## ASSIGNMENT
Write out all the data below exactly.

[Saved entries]
text \<open>Only the last 16 digits of 5^n are computed: they already contain the digits used.\<close>
lemma selfcondensable_five_pow_small:
  assumes "n \<in> {24..<56}"
  shows "selfcondensable (5 ^ n)"
proof -
  note by_digits = selfcondensable_five_pow_by_digits[where k = 16]
    and build = inV_add inV_diff inV_mult inV_power inV_fact_digit inV.single
    and evaluate = digit_mset_def digits.simps fact_numeral
  have "selfcondensable (5 ^ 24)"
    by (rule by_digits[where A = "{#6#} + ({#2#} + {#9#})" and x = "6 + 2 * 9" and u = 0])
      (intro build, simp_all add: evaluate)
  moreover have "selfcondensable (5 ^ 25)"
    by (rule by_digits[where A = "{#5#} + {#real 2#}" and x = "5 ^ 2" and u = 1])
      (intro build, simp_all add: evaluate)
  moreover have "selfcondensable (5 ^ 26)"
    by (rule by_digits[where A = "{#2#} + {#real 4#}" and x = "2 + fact 4" and u = 1])
      (intro build, simp_all add: evaluate)
  moreover have "selfcondensable (5 ^ 27)"
    by (rule by_digits[where A = "{#3#} + {#9#}" and x = "3 * 9" and u = 1])
      (intro build, simp_all add: evaluate)
  moreover have "selfcondensable (5 ^ 28)"
    by (rule by_digits[where A = "{#real 4#} + ({#6#} + {#2#})" and x = "fact 4 + (6 - 2)" and u = 0])
      (intro build, simp_all add: evaluate)
  moreover have "selfcondensable (5 ^ 29)"
    by (rule by_digits[where A = "{#real 3#} + {#real 2#} + {#7#}" and x = "fact 3 ^ 2 - 7" and u = 1])
      (intro build, simp_all add: evaluate)
  moreover have "selfcondensable (5 ^ 30)"
    by (rule by_digits[where A = "{#5#} + {#6#}" and x = "5 * 6" and u = 1])
      (intro build, simp_all add: evaluate)
  moreover have "selfcondensable (5 ^ 31)"
    by (rule by_digits[where A = "{#5#} + {#8#} + {#9#}" and x = "5 * 8 - 9" and u = 1])
      (intro build, simp_all add: evaluate)
  moreover have "selfcondensable (5 ^ 32)"
    by (rule by_digits[where A = "{#8#} + ({#6#} + {#2#})" and x = "8 * (6 - 2)" and u = 0])
      (intro build, simp_all add: evaluate)
  moreover have "selfcondensable (5 ^ 33)"
    by (rule by_digits[where A = "{#real 4#} + ({#3#} + {#real 2#})" and x = "fact 4 + 3 ^ 2" and u = 1])
      (intro build, simp_all add: evaluate)
  moreover have "selfcondensable (5 ^ 34)"
    by (rule by_digits[where A = "{#2#} + ({#2#} + {#real 5#})" and x = "2 + 2 ^ 5" and u = 0])
      (intro build, simp_all add: evaluate)
  moreover have "selfcondensable (5 ^ 35)"
    by (rule by_digits[where A = "{#real 3#} + {#real 2#} + {#1#}" and x = "fact 3 ^ 2 - 1" and u = 1])
      (intro build, simp_all add: evaluate)
  moreover have "selfcondensable (5 ^ 36)"
    by (rule by_digits[where A = "{#6#} + {#real 2#}" and x = "6 ^ 2" and u = 0])
      (intro build, simp_all add: evaluate)
  moreover have "selfcondensable (5 ^ 37)"
    by (rule by_digits[where A = "{#real 0#} + ({#real 3#} + {#real 2#})" and x = "fact 0 + fact 3 ^ 2" and u = 1])
      (intro build, simp_all add: evaluate)
  moreover have "selfcondensable (5 ^ 38)"
    by (rule by_digits[where A = "{#6#} + ({#2#} + {#real 5#})" and x = "6 + 2 ^ 5" and u = 1])
      (intro build, simp_all add: evaluate)
  moreover have "selfcondensable (5 ^ 39)"
    by (rule by_digits[where A = "{#7#} + ({#2#} + {#real 5#})" and x = "7 + 2 ^ 5" and u = 1])
      (intro build, simp_all add: evaluate)
  moreover have "selfcondensable (5 ^ 40)"
    by (rule by_digits[where A = "{#5#} + ({#2#} + {#real 3#})" and x = "5 * 2 ^ 3" and u = 0])
      (intro build, simp_all add: evaluate)
  moreover have "selfcondensable (5 ^ 41)"
    by (rule by_digits[where A = "{#5#} + ({#real 3#} + {#real 2#})" and x = "5 + fact 3 ^ 2" and u = 1])
      (intro build, simp_all add: evaluate)
  moreover have "selfcondensable (5 ^ 42)"
    by (rule by_digits[where A = "{#6#} + {#7#}" and x = "6 * 7" and u = 0])
      (intro build, simp_all add: evaluate)
  moreover have "selfcondensable (5 ^ 43)"
    by (rule by_digits[where A = "{#7#} + ({#real 3#} + {#real 2#})" and x = "7 + fact 3 ^ 2" and u = 1])
      (intro build, simp_all add: evaluate)
  moreover have "selfcondensable (5 ^ 44)"
    by (rule by_digits[where A = "{#2#} + {#real 4#} + {#4#}" and x = "2 * fact 4 - 4" and u = 1])
      (intro build, simp_all add: evaluate)
  moreover have "selfcondensable (5 ^ 45)"
    by (rule by_digits[where A = "{#9#} + ({#real 3#} + {#real 2#})" and x = "9 + fact 3 ^ 2" and u = 1])
      (intro build, simp_all add: evaluate)
  moreover have "selfcondensable (5 ^ 46)"
    by (rule by_digits[where A = "{#6#} + ({#5#} + {#8#})" and x = "6 + 5 * 8" and u = 1])
      (intro build, simp_all add: evaluate)
  moreover have "selfcondensable (5 ^ 47)"
    by (rule by_digits[where A = "{#7#} + ({#5#} + {#8#})" and x = "7 + 5 * 8" and u = 1])
      (intro build, simp_all add: evaluate)
  moreover have "selfcondensable (5 ^ 48)"
    by (rule by_digits[where A = "{#6#} + {#8#}" and x = "6 * 8" and u = 0])
      (intro build, simp_all add: evaluate)
  moreover have "selfcondensable (5 ^ 49)"
    by (rule by_digits[where A = "{#real 4#} + ({#5#} + {#real 2#})" and x = "fact 4 + 5 ^ 2" and u = 1])
      (intro build, simp_all add: evaluate)
  moreover have "selfcondensable (5 ^ 50)"
    by (rule by_digits[where A = "{#2#} + ({#5#} + {#real 2#})" and x = "2 * 5 ^ 2" and u = 0])
      (intro build, simp_all add: evaluate)
  moreover have "selfcondensable (5 ^ 51)"
    by (rule by_digits[where A = "{#3#} + ({#6#} + {#8#})" and x = "3 + 6 * 8" and u = 1])
      (intro build, simp_all add: evaluate)
  moreover have "selfcondensable (5 ^ 52)"
    by (rule by_digits[where A = "{#4#} + ({#6#} + {#8#})" and x = "4 + 6 * 8" and u = 1])
      (intro build, simp_all add: evaluate)
  moreover have "selfcondensable (5 ^ 53)"
    by (rule by_digits[where A = "{#real 3#} + {#9#} + {#real 0#}" and x = "fact 3 * 9 - fact 0" and u = 1])
      (intro build, simp_all add: evaluate)
  moreover have "selfcondensable (5 ^ 54)"
    by (rule by_digits[where A = "{#real 4#} + ({#5#} + {#6#})" and x = "fact 4 + 5 * 6" and u = 1])
      (intro build, simp_all add: evaluate)
  moreover have "selfcondensable (5 ^ 55)"
    by (rule by_digits[where A = "{#7#} + {#8#} + {#real 0#}" and x = "7 * 8 - fact 0" and u = 1])
      (intro build, simp_all add: evaluate)
  ultimately show ?thesis
    using assms by (simp add: atLeastLessThan_nat_numeral) (elim disjE; simp)
qed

## RESPONSE FOR THIS EXERCISE
text \<open>Only the last 16 digits of 5^n are computed: they already contain the digits used.\<close>
lemma selfcondensable_five_pow_small:
  assumes "n \<in> {24..<56}"
  shows "selfcondensable (5 ^ n)"
proof -
  note by_digits = selfcondensable_five_pow_by_digits[where k = 16]
    and build = inV_add inV_diff inV_mult inV_power inV_fact_digit inV.single
    and evaluate = digit_mset_def digits.simps fact_numeral
  have "selfcondensable (5 ^ 24)"
    by (rule by_digits[where A = "{#6#} + ({#2#} + {#9#})" and x = "6 + 2 * 9" and u = 0])
      (intro build, simp_all add: evaluate)
  moreover have "selfcondensable (5 ^ 25)"
    by (rule by_digits[where A = "{#5#} + {#real 2#}" and x = "5 ^ 2" and u = 1])
      (intro build, simp_all add: evaluate)
  moreover have "selfcondensable (5 ^ 26)"
    by (rule by_digits[where A = "{#2#} + {#real 4#}" and x = "2 + fact 4" and u = 1])
      (intro build, simp_all add: evaluate)
  moreover have "selfcondensable (5 ^ 27)"
    by (rule by_digits[where A = "{#3#} + {#9#}" and x = "3 * 9" and u = 1])
      (intro build, simp_all add: evaluate)
  moreover have "selfcondensable (5 ^ 28)"
    by (rule by_digits[where A = "{#real 4#} + ({#6#} + {#2#})" and x = "fact 4 + (6 - 2)" and u = 0])
      (intro build, simp_all add: evaluate)
  moreover have "selfcondensable (5 ^ 29)"
    by (rule by_digits[where A = "{#real 3#} + {#real 2#} + {#7#}" and x = "fact 3 ^ 2 - 7" and u = 1])
      (intro build, simp_all add: evaluate)
  moreover have "selfcondensable (5 ^ 30)"
    by (rule by_digits[where A = "{#5#} + {#6#}" and x = "5 * 6" and u = 1])
      (intro build, simp_all add: evaluate)
  moreover have "selfcondensable (5 ^ 31)"
    by (rule by_digits[where A = "{#5#} + {#8#} + {#9#}" and x = "5 * 8 - 9" and u = 1])
      (intro build, simp_all add: evaluate)
  moreover have "selfcondensable (5 ^ 32)"
    by (rule by_digits[where A = "{#8#} + ({#6#} + {#2#})" and x = "8 * (6 - 2)" and u = 0])
      (intro build, simp_all add: evaluate)
  moreover have "selfcondensable (5 ^ 33)"
    by (rule by_digits[where A = "{#real 4#} + ({#3#} + {#real 2#})" and x = "fact 4 + 3 ^ 2" and u = 1])
      (intro build, simp_all add: evaluate)
  moreover have "selfcondensable (5 ^ 34)"
    by (rule by_digits[where A = "{#2#} + ({#2#} + {#real 5#})" and x = "2 + 2 ^ 5" and u = 0])
      (intro build, simp_all add: evaluate)
  moreover have "selfcondensable (5 ^ 35)"
    by (rule by_digits[where A = "{#real 3#} + {#real 2#} + {#1#}" and x = "fact 3 ^ 2 - 1" and u = 1])
      (intro build, simp_all add: evaluate)
  moreover have "selfcondensable (5 ^ 36)"
    by (rule by_digits[where A = "{#6#} + {#real 2#}" and x = "6 ^ 2" and u = 0])
      (intro build, simp_all add: evaluate)
  moreover have "selfcondensable (5 ^ 37)"
    by (rule by_digits[where A = "{#real 0#} + ({#real 3#} + {#real 2#})" and x = "fact 0 + fact 3 ^ 2" and u = 1])
      (intro build, simp_all add: evaluate)
  moreover have "selfcondensable (5 ^ 38)"
    by (rule by_digits[where A = "{#6#} + ({#2#} + {#real 5#})" and x = "6 + 2 ^ 5" and u = 1])
      (intro build, simp_all add: evaluate)
  moreover have "selfcondensable (5 ^ 39)"
    by (rule by_digits[where A = "{#7#} + ({#2#} + {#real 5#})" and x = "7 + 2 ^ 5" and u = 1])
      (intro build, simp_all add: evaluate)
  moreover have "selfcondensable (5 ^ 40)"
    by (rule by_digits[where A = "{#5#} + ({#2#} + {#real 3#})" and x = "5 * 2 ^ 3" and u = 0])
      (intro build, simp_all add: evaluate)
  moreover have "selfcondensable (5 ^ 41)"
    by (rule by_digits[where A = "{#5#} + ({#real 3#} + {#real 2#})" and x = "5 + fact 3 ^ 2" and u = 1])
      (intro build, simp_all add: evaluate)
  moreover have "selfcondensable (5 ^ 42)"
    by (rule by_digits[where A = "{#6#} + {#7#}" and x = "6 * 7" and u = 0])
      (intro build, simp_all add: evaluate)
  moreover have "selfcondensable (5 ^ 43)"
    by (rule by_digits[where A = "{#7#} + ({#real 3#} + {#real 2#})" and x = "7 + fact 3 ^ 2" and u = 1])
      (intro build, simp_all add: evaluate)
  moreover have "selfcondensable (5 ^ 44)"
    by (rule by_digits[where A = "{#2#} + {#real 4#} + {#4#}" and x = "2 * fact 4 - 4" and u = 1])
      (intro build, simp_all add: evaluate)
  moreover have "selfcondensable (5 ^ 45)"
    by (rule by_digits[where A = "{#9#} + ({#real 3#} + {#real 2#})" and x = "9 + fact 3 ^ 2" and u = 1])
      (intro build, simp_all add: evaluate)
  moreover have "selfcondensable (5 ^ 46)"
    by (rule by_digits[where A = "{#6#} + ({#5#} + {#8#})" and x = "6 + 5 * 8" and u = 1])
      (intro build, simp_all add: evaluate)
  moreover have "selfcondensable (5 ^ 47)"
    by (rule by_digits[where A = "{#7#} + ({#5#} + {#8#})" and x = "7 + 5 * 8" and u = 1])
      (intro build, simp_all add: evaluate)
  moreover have "selfcondensable (5 ^ 48)"
    by (rule by_digits[where A = "{#6#} + {#8#}" and x = "6 * 8" and u = 0])
      (intro build, simp_all add: evaluate)
  moreover have "selfcondensable (5 ^ 49)"
    by (rule by_digits[where A = "{#real 4#} + ({#5#} + {#real 2#})" and x = "fact 4 + 5 ^ 2" and u = 1])
      (intro build, simp_all add: evaluate)
  moreover have "selfcondensable (5 ^ 50)"
    by (rule by_digits[where A = "{#2#} + ({#5#} + {#real 2#})" and x = "2 * 5 ^ 2" and u = 0])
      (intro build, simp_all add: evaluate)
  moreover have "selfcondensable (5 ^ 51)"
    by (rule by_digits[where A = "{#3#} + ({#6#} + {#8#})" and x = "3 + 6 * 8" and u = 1])
      (intro build, simp_all add: evaluate)
  moreover have "selfcondensable (5 ^ 52)"
    by (rule by_digits[where A = "{#4#} + ({#6#} + {#8#})" and x = "4 + 6 * 8" and u = 1])
      (intro build, simp_all add: evaluate)
  moreover have "selfcondensable (5 ^ 53)"
    by (rule by_digits[where A = "{#real 3#} + {#9#} + {#real 0#}" and x = "fact 3 * 9 - fact 0" and u = 1])
      (intro build, simp_all add: evaluate)
  moreover have "selfcondensable (5 ^ 54)"
    by (rule by_digits[where A = "{#real 4#} + ({#5#} + {#6#})" and x = "fact 4 + 5 * 6" and u = 1])
      (intro build, simp_all add: evaluate)
  moreover have "selfcondensable (5 ^ 55)"
    by (rule by_digits[where A = "{#7#} + {#8#} + {#real 0#}" and x = "7 * 8 - fact 0" and u = 1])
      (intro build, simp_all add: evaluate)
  ultimately show ?thesis
    using assms by (simp add: atLeastLessThan_nat_numeral) (elim disjE; simp)
qed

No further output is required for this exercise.